Module 3.8: AI/ML on Cloud Native Infrastructure

Complexity: [MEDIUM] - Conceptual awareness

Time to Complete: 25-30 minutes

Prerequisites: Module 3.1 (Cloud Native Principles), Module 3.3 (Cloud Native Patterns)

What You’ll Be Able to Do

After completing this module, you will be able to:

Explain why Kubernetes is the dominant platform for AI/ML workloads
Identify key tools in the ML on Kubernetes ecosystem: Kubeflow, KServe, and GPU scheduling
Compare training vs. inference workload requirements and their Kubernetes resource patterns
Evaluate how Kubernetes scheduling and resource management support GPU and TPU workloads

Why This Module Matters

Artificial Intelligence and Machine Learning workloads are rapidly becoming the largest consumers of cloud infrastructure. Kubernetes is evolving into “the operating system for AI” — not because it was designed for it, but because its extensibility, scheduling, and resource management capabilities make it the natural platform. KCNA expects you to understand how AI/ML intersects with cloud native.

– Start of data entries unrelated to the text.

lemma two_le_window_integral_near:
  fixes q :: "real \<Rightarrow> real"
  assumes locint: "\<And>a b. set_integrable lborel {a..b} q" and nonneg: "\<And>t. 0 \<le> q t"
    and ex: "\<And>z. \<exists>h>0. integral {z-h..z+h} q = 2"
    and ratio: "\<And>z. \<bar>z - x\<bar> \<le> \<beta> \<Longrightarrow> dfun q z \<le> \<alpha> * dfun q x"
    and r: "0 < r" "2 * (\<alpha> * dfun q x) < r" and y: "x \<le> y" "y + r \<le> x + \<beta>"
  shows "2 \<le> integral {y..y+r} q"
proof -
  have "dfun q (y + r/2) < r/2" using ratio[of "y + r/2"] r y by fastforce
  then have "2 \<le> integral {(y + r/2) - r/2..(y + r/2) + r/2} q"
    by (rule two_le_integral_if_dfun_less[OF locint nonneg ex])
  then show ?thesis by (simp add: add.commute)
qed

lemma Jfun_le_const_mult_dfun:
  fixes q :: "real \<Rightarrow> real"
  assumes locint: "\<And>a b. set_integrable lborel {a..b} q" and nonneg: "\<And>t. 0 \<le> q t"
    and s: "s > 0" and w: "w > 0" and m: "m > 0" and window: "\<And>y. m \<le> integral {y..y+w} q"
    and \<alpha>: "\<alpha> > 0" and \<beta>: "\<beta> > 0"
    and ratio: "\<And>x t. X \<le> \<bar>x\<bar> \<Longrightarrow> \<bar>t - x\<bar> \<le> \<beta> \<Longrightarrow> dfun q t / dfun q x \<le> \<alpha>"
  shows "\<exists>c>0. \<forall>x. Jfun q s x \<le> ennreal (c * dfun q x)"
proof -
  have int: "\<And>a b. q integrable_on {a..b}"
    using set_borel_integral_eq_integral(1)[OF locint] .
  have ex: "\<And>x. \<exists>h>0. integral {x-h..x+h} q = 2"
    by (intro exists_symmetric_integral_eq[OF int nonneg w m window]) simp
  have d_pos: "dfun q x > 0" for x
    using dfun_uniformly_positive[OF locint ex, of "\<bar>x\<bar>"] by force
  obtain \<delta> where \<delta>: "\<delta> > 0" "\<And>x. \<bar>x\<bar> \<le> X \<Longrightarrow> \<delta> \<le> dfun q x"
    using dfun_uniformly_positive[OF locint ex, of X] by blast
  define C0 where "C0 = exp (s * m) * w / (s * m)"
  define C1 where "C1 = exp (s * 2) / (s * 2) + exp (s * (2 + m + m * \<beta> / w)) * w / (s\<^sup>2 * 2 * m * \<beta>)"
  have C0: "C0 > 0" and C1: "C1 > 0" unfolding C0_def C1_def using s w m \<beta> by (auto intro!: add_pos_pos)
  have "Jfun q s x \<le> ennreal ((C0 / \<delta> + 4 * \<alpha> * C1) * dfun q x)" for x
  proof (cases "\<bar>x\<bar> < X")
    case True
    have "Jfun q s x \<le> ennreal C0"
      unfolding C0_def by (rule Jfun_le_of_windows[OF int nonneg s w m window])
    also have "C0 \<le> C0 / \<delta> * dfun q x"
      using \<delta> True C0 by (simp add: field_simps)
    also have "\<dots> \<le> (C0 / \<delta> + 4 * \<alpha> * C1) * dfun q x"
      using C1 \<alpha> d_pos[of x] by (intro mult_right_mono) auto
    finally show ?thesis by (simp add: ennreal_leI)
  next
    case False
    define r where "r = 4 * \<alpha> * dfun q x"
    have r: "0 < r" "2 * (\<alpha> * dfun q x) < r" unfolding r_def using \<alpha> d_pos[of x] by auto
    have near: "dfun q z \<le> \<alpha> * dfun q x" if "\<bar>z - x\<bar> \<le> \<beta>" for z
      using ratio[of x z] False that d_pos[of x] by (simp add: pos_divide_le_eq mult.commute)
    have "Jfun q s x \<le> ennreal (r * C1)"
      unfolding C1_def
      by (intro Jfun_le_of_local_windows[OF int nonneg s w m window \<beta> r(1) _
            two_le_window_integral_near[OF locint nonneg ex near r]]) auto
    also have "r * C1 \<le> (C0 / \<delta> + 4 * \<alpha> * C1) * dfun q x"
      unfolding r_def using C0 \<delta> d_pos[of x] by (simp add: algebra_simps)
    finally show ?thesis by (simp add: ennreal_leI)
  qed
  moreover have "C0 / \<delta> + 4 * \<alpha> * C1 > 0"
    using C0 C1 \<delta>(1) \<alpha> by (intro add_pos_pos divide_pos_pos mult_pos_pos) auto
  ultimately show ?thesis by blast
qed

Kubernetes as the AI/ML Platform

┌─────────────────────────────────────────────────────────────┐
│              WHY K8S FOR AI/ML?                              │
├─────────────────────────────────────────────────────────────┤
│                                                             │
│  Kubernetes provides what AI/ML workloads need:             │
│                                                             │
│  1. GPU SCHEDULING                                          │
│     ─────────────────────────────────────────────────────   │
│     K8s schedules GPUs like CPU/memory — request them,     │
│     the scheduler places your Pod on a node that has them  │
│                                                             │
│  2. DEVICE PLUGINS                                          │
│     ─────────────────────────────────────────────────────   │
│     Extend K8s to manage specialized hardware:             │
│     • NVIDIA GPUs (nvidia.com/gpu)                         │
│     • AMD GPUs, Intel FPGAs, Google TPUs                   │
│     • Any accelerator via the device plugin framework      │
│                                                             │
│  3. BATCH PROCESSING                                        │
│     ─────────────────────────────────────────────────────   │
│     Jobs and CronJobs handle training runs that finish     │
│     (unlike web servers that run forever)                   │
│                                                             │
│  4. AUTOSCALING                                             │
│     ─────────────────────────────────────────────────────   │
│     Scale inference endpoints up/down based on traffic     │
│     Scale to zero when no requests arrive                  │
│                                                             │
└─────────────────────────────────────────────────────────────┘

GPU Resources in Kubernetes

GPUs are treated as extended resources. A Pod requests them just like CPU or memory:

resources:
  limits:
    nvidia.com/gpu: 1   # Request one NVIDIA GPU

Key concepts at KCNA level:

Concept	What It Means
Device Plugin	A DaemonSet that advertises hardware (GPUs) to the kubelet
nvidia.com/gpu	The resource name for NVIDIA GPUs in K8s
GPU time-slicing	Sharing one physical GPU across multiple Pods (not full isolation)
MIG (Multi-Instance GPU)	Hardware-level GPU partitioning on NVIDIA A100/H100
Whole GPU	One Pod gets exclusive access to one GPU (simplest model)

Key insight: GPUs are non-compressible resources. Unlike CPU (which can be throttled), if a Pod needs a GPU and none is available, it stays Pending until one frees up.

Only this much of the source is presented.